Pendekatan metode tersebut di pakai pengkarya menyadari proses penciptaan Karya Bekal Bakal Batik memakai 3 titik serta lintasan di tiga desa bersama masyarakat yaitu desa Sidorejo, Desa Sukoharjo dan Desa Girirejo. Penkarya menyadari Karakter masyarakat yang gampang-gampang susah memerlukan strategi khusus dan sikap yang tepat agar masyarakat bersedia menerima dan turut berperan serta dalam kegiatan yang telah direncanakan.

Metode penciptaan karya ini berbasis pada kearifan lokal, partisipasi warga, dan keberlanjutan.
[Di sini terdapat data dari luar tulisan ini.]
lemma contr_adj_differ_on_one:
  assumes "contr_adj V E k X Y" "X \<in> contr_nodes V E k U" "Y \<in> contr_nodes V E k U"
  shows "differ_on_one U (contr_label U X) (contr_label U Y)"
proof -
  obtain g d where gd: "col_adj V E k g d" "g |` U \<noteq> d |` U"
      "X = label_comp V E k U g" "Y = label_comp V E k U d"
    using contr_adj_nodesE[OF assms] .
  then obtain u where u: "u \<in> U" "g u \<noteq> d u" by (auto simp: restrict_map_eq_iff)
  then have "\<forall>x\<in>U. x \<noteq> u \<longrightarrow> g x = d x" using col_adj_eq_off[OF gd(1)] by blast
  then show ?thesis
    using u unfolding gd(3,4) contr_label_label_comp differ_on_one_iff by auto
qed

text \<open>For a colourable graph every label has domain \<open>U\<close>, so \<open>U\<close> is the only possible witness
  of colour-completeness.\<close>

lemma color_complete_contrD:
  assumes "color_complete m k (contr_nodes V E k U) (contr_adj V E k) (contr_label U)"
    and "colorable V E k" "U \<subseteq> V"
  shows "card U = m"
    and "is_coloring U (complete_edges U) k c \<Longrightarrow>
           \<exists>!X. X \<in> contr_nodes V E k U \<and> contr_label U X = c"
    and "X \<in> contr_nodes V E k U \<Longrightarrow> Y \<in> contr_nodes V E k U \<Longrightarrow> X \<noteq> Y \<Longrightarrow>
           contr_adj V E k X Y \<longleftrightarrow> differ_on_one U (contr_label U X) (contr_label U Y)"
proof -
  obtain U' where U': "card U' = m"
      "\<forall>X\<in>contr_nodes V E k U. is_coloring U' (complete_edges U') k (contr_label U X)"
      "\<forall>c. is_coloring U' (complete_edges U') k c \<longrightarrow>
          (\<exists>!X. X \<in> contr_nodes V E k U \<and> contr_label U X = c)"
      "\<forall>X\<in>contr_nodes V E k U. \<forall>Y\<in>contr_nodes V E k U. X \<noteq> Y \<longrightarrow>
          (contr_adj V E k X Y \<longleftrightarrow> differ_on_one U' (contr_label U X) (contr_label U Y))"
    using assms(1) unfolding color_complete_def by blast
  obtain g where g: "is_coloring V E k g" using assms(2) unfolding colorable_def by blast
  then have "is_coloring U' (complete_edges U') k (g |` U)"
    using U'(2) label_comp_in_contr_nodes contr_label_label_comp by metis
  then have "dom (g |` U) = U'" unfolding is_coloring_def by blast
  moreover have "dom (g |` U) = U" using g assms(3) unfolding is_coloring_def by auto
  ultimately have "U' = U" by simp
  then show "card U = m"
    and "is_coloring U (complete_edges U) k c \<Longrightarrow>
           \<exists>!X. X \<in> contr_nodes V E k U \<and> contr_label U X = c"
    and "X \<in> contr_nodes V E k U \<Longrightarrow> Y \<in> contr_nodes V E k U \<Longrightarrow> X \<noteq> Y \<Longrightarrow>
           contr_adj V E k X Y \<longleftrightarrow> differ_on_one U (contr_label U X) (contr_label U Y)"
    using U' by blast+
qed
  1. Pendekatan Partisipatif
    Pengkarya sejak berpindah ke desa tiga tahun lalu mulai terlibat berpartisipasi langsung dalam kegiatan masyarakat di desa-desa. Sehingga dalam perencanaan penciptaan karya ini akan melibatkan masyarakat desa ke dalam seluruh proses kekaryaan. Berbagai upaya pendekatan baik secara pribadi maupun organisasi dilakukan untuk mengajak partisipasi aktif masyarakat dalam kegiatan penciptaan ini.
  2. Eksplorasi kearifan lokal
    Sumber daya lokal setiap desa akan menjadi inspirasi utama dalam penciptaan karya ini berawal dari seni batik, ketek ogleng, seni kriya (anyaman), terbang klasik, tari, musik, rebana. Pengkarya juga masih berusaha menggali potensi tradisi dan budaya agar menjadi lebih lengkap.
  3. Kolaborasi dengan seni lokal
    Pengkarya mengajak dan mendorong keterlibatan seniman desa dalam karya ini agar mereka memiliki peran aktif penciptaan karya seni. Pengalaman pengkarya berpadu kreativitas warga setempat dengan menghasilkan proses keseimbangan.
  4. Metode workshop dan pelatihan
    Sanggar Seni Tirta Kinasih yang didirikan pengkarya, setiap pertemuan mengadakan pelatihan seni, baik itu menyanyi, menari, menggambar, dan ketrampilan lain. Pengkarya juga sebagai pelatih senam di desa-desa. Dalam prosesnya juga memberikan pelatihan tentang pola lantai dan gerak senam yang baru.